2010-05-04
Elmore Magazine Review by Cindy Andrews
The song energetically rattles and bops into a terrific drum solo before pulling into the station and closing with a sigh. Perfect.
Antonio Ciacca
Lagos Blues
Saxaphonist Steve Grossman cut his teeth on Wayne Shorter’s replacement in Miles Davis’ band, and went on to become a hard bop virtuoso in the early 70s. Grossman taught one of his star pupils, pianist Antonio Ciacca, to start with the blues. Ciacca, now director of programming for Jazz at Lincoln Center, enlisted his mentor on an album inspired by Ciacca’s teaching gigs in Lagos, Portugal, a karmic circle ending by a blue sea. This instrumental album shows sophistication and musicianship on every track, but I still find it accessible.
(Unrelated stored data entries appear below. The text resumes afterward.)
lemma pvar_eq_SUP_pvar_sum:
  "pvar p f a b = (SUP (n, t) \<in> subdivisions a b. ereal (pvar_sum p f n t))"
  by (simp add: pvar_def pvar_sum_def)

lemma pvar_sum_le_pvar:
  assumes "s 0 = a" "\<forall>j<m. s j < s (Suc j)" "s m \<le> b"
  shows "ereal (pvar_sum p f m s) \<le> pvar p f a b"
proof (cases "s m = b")
  case True
  then have "(m, s) \<in> subdivisions a b" using assms unfolding subdivisions_def by auto
  then show ?thesis unfolding pvar_eq_SUP_pvar_sum by (rule SUP_upper2) simp
next
  case False
  then have "(Suc m, s(Suc m := b)) \<in> subdivisions a b"
    using assms unfolding subdivisions_def by (auto simp: less_Suc_eq)
  moreover have "pvar_sum p f m s \<le> pvar_sum p f (Suc m) (s(Suc m := b))"
    by (simp add: pvar_sum_Suc pvar_sum_upd_beyond)
  ultimately show ?thesis unfolding pvar_eq_SUP_pvar_sum
    by (intro SUP_upper2[of "(Suc m, s(Suc m := b))"]) auto
qed

definition alternating :: "(real \<Rightarrow> real) \<Rightarrow> nat \<Rightarrow> (nat \<Rightarrow> real) \<Rightarrow> bool" where
  "alternating f m s \<longleftrightarrow> (\<forall>j<m. f (s (Suc j)) \<noteq> f (s j)) \<and>
     (\<forall>j. Suc j < m \<longrightarrow> (f (s (Suc j)) - f (s j)) * (f (s (Suc (Suc j))) - f (s (Suc j))) < 0)"

lemma alternating_extend:
  assumes alt: "alternating f m s" and ne: "f v \<noteq> f (s m)"
    and turn: "m > 0 \<Longrightarrow> (f (s m) - f (s (m - 1))) * (f v - f (s m)) < 0"
  shows "alternating f (Suc m) (s(Suc m := v))"
  unfolding alternating_def
proof (intro conjI allI impI)
  fix j assume "j < Suc m"
  then show "f ((s(Suc m := v)) (Suc j)) \<noteq> f ((s(Suc m := v)) j)"
    using alt ne unfolding alternating_def by (cases "j = m") auto
next
  fix j assume j: "Suc j < Suc m"
  show "(f ((s(Suc m := v)) (Suc j)) - f ((s(Suc m := v)) j)) *
        (f ((s(Suc m := v)) (Suc (Suc j))) - f ((s(Suc m := v)) (Suc j))) < 0"
  proof (cases "Suc j = m")
    case True
    then show ?thesis using turn by auto
  next
    case False
    then show ?thesis using alt j unfolding alternating_def by auto
  qed
qed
In the liner notes, Ciacca relates a story about plunging into a too-cold ocean in Lagos and writing the incident into the title track. Listening to drummer Ulysses Owen’s brushes, we hear the gentle surf, then Ciacca’s own piano and Grossman’s sax, shocked by the cold, before the piece Grossman’s own “Take the D Train,” is a pun on both Billy Strayhorn’s classic “Take the A Train.” Duke Ellington’s signature tune, and that the New York City D train stops at Jazz at Lincoln Center. The song energetically rattles and bops into a terrific drum solo before pulling into the station and closing with a sigh. Perfect. Ciacca’s sensitive piano on Grossman’s lovely ballad “Nicoletta” highlights how silly jazz can get without losing any ground to edgeless, generic mood music.